*** Block opens ***

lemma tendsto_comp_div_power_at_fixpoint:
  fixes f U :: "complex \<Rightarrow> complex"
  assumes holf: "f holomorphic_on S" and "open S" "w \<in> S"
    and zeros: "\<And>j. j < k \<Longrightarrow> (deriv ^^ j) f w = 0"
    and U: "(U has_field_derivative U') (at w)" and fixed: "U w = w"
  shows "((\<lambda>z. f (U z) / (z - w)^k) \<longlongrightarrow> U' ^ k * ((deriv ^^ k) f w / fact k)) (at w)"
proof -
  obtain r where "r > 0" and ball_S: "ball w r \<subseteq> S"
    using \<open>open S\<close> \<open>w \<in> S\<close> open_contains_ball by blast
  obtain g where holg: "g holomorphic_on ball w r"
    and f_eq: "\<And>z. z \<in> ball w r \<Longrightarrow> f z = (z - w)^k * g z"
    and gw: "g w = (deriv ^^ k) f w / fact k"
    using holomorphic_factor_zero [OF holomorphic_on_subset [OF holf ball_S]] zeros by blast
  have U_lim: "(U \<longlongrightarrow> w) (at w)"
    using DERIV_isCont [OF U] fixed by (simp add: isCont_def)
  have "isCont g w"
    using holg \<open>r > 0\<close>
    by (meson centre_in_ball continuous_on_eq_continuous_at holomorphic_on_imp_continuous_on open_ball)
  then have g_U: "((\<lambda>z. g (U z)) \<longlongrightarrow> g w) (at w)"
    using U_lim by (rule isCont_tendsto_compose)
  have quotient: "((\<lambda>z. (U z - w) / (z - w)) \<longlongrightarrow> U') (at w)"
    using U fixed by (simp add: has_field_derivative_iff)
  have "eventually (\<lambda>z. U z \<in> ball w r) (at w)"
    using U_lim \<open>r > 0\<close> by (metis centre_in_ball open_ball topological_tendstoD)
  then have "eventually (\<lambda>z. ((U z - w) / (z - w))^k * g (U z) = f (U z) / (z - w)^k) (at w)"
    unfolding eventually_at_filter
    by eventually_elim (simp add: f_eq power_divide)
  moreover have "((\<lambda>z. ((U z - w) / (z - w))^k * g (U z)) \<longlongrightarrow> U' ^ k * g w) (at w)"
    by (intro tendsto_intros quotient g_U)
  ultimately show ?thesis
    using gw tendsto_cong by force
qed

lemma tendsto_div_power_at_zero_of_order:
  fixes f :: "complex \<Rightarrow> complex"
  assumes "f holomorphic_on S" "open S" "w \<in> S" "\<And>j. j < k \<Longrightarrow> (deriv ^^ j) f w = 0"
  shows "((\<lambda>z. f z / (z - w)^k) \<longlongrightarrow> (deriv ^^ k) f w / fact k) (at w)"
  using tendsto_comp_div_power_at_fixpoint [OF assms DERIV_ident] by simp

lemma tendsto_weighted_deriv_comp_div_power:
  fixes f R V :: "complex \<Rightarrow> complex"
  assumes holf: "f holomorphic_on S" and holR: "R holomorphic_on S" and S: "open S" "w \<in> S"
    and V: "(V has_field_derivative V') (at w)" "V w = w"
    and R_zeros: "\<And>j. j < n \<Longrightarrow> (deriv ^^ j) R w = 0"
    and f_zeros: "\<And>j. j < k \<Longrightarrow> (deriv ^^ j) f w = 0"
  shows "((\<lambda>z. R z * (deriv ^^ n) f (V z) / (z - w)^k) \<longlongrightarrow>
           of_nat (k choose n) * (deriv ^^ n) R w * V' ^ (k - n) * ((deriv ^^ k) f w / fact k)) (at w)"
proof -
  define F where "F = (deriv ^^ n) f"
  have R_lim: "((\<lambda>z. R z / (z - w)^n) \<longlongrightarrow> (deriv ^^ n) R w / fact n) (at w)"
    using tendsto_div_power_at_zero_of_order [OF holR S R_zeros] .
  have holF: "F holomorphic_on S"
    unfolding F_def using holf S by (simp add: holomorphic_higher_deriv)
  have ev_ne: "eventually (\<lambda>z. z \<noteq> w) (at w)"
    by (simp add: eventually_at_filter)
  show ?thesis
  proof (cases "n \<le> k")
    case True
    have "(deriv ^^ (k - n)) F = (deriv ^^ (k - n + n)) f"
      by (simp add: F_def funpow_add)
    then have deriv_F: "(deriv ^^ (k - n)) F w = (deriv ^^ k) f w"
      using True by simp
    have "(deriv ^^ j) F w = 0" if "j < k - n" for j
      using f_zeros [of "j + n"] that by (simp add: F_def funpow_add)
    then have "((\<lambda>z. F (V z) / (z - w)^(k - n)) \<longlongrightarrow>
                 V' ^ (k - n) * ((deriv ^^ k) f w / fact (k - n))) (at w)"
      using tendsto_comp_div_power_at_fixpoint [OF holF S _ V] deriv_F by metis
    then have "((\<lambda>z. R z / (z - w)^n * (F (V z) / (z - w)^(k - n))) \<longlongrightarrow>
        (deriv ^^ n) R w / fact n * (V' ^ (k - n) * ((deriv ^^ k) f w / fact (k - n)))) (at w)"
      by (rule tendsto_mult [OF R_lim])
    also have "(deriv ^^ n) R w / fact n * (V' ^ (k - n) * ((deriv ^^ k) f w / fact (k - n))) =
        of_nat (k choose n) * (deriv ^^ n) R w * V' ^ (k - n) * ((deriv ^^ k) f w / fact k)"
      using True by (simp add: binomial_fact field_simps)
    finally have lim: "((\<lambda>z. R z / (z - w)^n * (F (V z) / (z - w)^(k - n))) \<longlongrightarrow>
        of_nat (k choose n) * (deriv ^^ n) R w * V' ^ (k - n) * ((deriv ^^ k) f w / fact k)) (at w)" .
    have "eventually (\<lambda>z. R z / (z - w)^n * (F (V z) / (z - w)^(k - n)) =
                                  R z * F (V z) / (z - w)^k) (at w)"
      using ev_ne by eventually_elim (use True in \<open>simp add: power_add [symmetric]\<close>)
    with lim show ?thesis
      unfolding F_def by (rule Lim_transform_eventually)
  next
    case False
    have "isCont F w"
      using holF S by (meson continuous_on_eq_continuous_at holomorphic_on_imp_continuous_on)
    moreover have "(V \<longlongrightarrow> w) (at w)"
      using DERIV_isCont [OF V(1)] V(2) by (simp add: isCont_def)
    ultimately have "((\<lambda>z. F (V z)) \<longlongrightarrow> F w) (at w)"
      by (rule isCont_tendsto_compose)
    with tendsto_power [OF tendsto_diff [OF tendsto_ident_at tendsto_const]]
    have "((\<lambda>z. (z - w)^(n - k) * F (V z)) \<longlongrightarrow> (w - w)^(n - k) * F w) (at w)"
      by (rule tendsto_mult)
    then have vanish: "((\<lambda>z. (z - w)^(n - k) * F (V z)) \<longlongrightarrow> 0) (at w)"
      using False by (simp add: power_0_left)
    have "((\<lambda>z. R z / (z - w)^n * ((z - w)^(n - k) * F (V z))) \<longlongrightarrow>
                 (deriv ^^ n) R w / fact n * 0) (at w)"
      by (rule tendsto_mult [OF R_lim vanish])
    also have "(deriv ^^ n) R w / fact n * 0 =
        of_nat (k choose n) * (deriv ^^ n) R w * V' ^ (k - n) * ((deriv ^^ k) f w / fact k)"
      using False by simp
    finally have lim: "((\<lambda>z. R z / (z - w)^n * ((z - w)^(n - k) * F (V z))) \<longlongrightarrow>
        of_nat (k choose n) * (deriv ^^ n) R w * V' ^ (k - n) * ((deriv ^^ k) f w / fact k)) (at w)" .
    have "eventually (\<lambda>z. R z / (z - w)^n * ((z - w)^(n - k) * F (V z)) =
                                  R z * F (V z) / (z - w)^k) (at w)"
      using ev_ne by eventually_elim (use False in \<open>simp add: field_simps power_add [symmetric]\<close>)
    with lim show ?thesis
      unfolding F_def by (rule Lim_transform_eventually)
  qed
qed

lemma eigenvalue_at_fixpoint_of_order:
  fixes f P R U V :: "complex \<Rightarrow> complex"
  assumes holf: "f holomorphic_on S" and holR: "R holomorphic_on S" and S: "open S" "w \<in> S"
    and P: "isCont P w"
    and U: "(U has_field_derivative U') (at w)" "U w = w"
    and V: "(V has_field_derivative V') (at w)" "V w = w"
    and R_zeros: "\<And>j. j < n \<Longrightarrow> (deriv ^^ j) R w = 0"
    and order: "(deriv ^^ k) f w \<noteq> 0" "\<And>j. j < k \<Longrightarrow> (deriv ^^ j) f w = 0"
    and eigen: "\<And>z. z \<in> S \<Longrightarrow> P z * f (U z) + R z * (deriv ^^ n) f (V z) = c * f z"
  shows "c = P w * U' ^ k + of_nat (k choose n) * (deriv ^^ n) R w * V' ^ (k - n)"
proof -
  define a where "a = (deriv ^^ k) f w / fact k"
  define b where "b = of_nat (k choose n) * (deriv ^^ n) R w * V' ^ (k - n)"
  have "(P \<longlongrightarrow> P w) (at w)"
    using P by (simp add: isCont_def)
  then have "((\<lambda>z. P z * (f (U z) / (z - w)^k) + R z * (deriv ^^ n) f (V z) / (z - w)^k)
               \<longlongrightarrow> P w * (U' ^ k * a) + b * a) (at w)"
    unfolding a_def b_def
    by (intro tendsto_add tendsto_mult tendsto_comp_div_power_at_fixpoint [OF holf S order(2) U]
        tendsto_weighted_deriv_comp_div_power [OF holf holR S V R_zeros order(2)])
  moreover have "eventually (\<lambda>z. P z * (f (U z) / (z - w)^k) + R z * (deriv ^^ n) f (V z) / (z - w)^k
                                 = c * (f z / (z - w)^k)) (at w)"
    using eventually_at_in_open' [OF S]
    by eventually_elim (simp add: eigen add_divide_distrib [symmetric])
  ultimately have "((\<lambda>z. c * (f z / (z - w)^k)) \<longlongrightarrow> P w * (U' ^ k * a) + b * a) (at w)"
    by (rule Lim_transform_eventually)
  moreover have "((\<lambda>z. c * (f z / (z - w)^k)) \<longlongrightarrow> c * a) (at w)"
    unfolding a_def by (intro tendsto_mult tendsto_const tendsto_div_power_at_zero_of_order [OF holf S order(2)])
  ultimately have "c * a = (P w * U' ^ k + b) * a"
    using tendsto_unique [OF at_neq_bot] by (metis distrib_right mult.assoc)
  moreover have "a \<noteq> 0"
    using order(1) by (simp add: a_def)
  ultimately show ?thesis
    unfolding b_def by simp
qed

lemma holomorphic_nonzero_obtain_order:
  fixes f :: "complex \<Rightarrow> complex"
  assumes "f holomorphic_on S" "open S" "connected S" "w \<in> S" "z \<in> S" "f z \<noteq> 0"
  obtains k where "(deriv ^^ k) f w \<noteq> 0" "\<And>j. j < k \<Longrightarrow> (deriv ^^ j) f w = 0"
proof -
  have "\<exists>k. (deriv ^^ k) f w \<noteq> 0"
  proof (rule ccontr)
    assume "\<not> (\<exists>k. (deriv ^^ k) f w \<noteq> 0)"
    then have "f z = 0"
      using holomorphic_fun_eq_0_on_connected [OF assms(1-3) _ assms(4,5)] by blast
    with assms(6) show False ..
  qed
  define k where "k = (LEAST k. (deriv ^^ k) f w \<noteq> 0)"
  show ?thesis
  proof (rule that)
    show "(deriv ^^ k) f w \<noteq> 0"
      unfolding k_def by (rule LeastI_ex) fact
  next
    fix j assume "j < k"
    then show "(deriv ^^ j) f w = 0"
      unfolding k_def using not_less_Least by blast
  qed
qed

*** Block closes ***

Find the line with "(\<lambda>z. U z" in the material above. Reproduce it and each line after it up to and including the line with "using tendsto_comp_div_power_at_fixpoint [OF assms".

Output:
  have "eventually (\<lambda>z. U z \<in> ball w r) (at w)"
    using U_lim \<open>r > 0\<close> by (metis centre_in_ball open_ball topological_tendstoD)
  then have "eventually (\<lambda>z. ((U z - w) / (z - w))^k * g (U z) = f (U z) / (z - w)^k) (at w)"
    unfolding eventually_at_filter
    by eventually_elim (simp add: f_eq power_divide)
  moreover have "((\<lambda>z. ((U z - w) / (z - w))^k * g (U z)) \<longlongrightarrow> U' ^ k * g w) (at w)"
    by (intro tendsto_intros quotient g_U)
  ultimately show ?thesis
    using gw tendsto_cong by force
qed

lemma tendsto_div_power_at_zero_of_order:
  fixes f :: "complex \<Rightarrow> complex"
  assumes "f holomorphic_on S" "open S" "w \<in> S" "\<And>j. j < k \<Longrightarrow> (deriv ^^ j) f w = 0"
  shows "((\<lambda>z. f z / (z - w)^k) \<longlongrightarrow> (deriv ^^ k) f w / fact k) (at w)"
  using tendsto_comp_div_power_at_fixpoint [OF assms DERIV_ident] by simp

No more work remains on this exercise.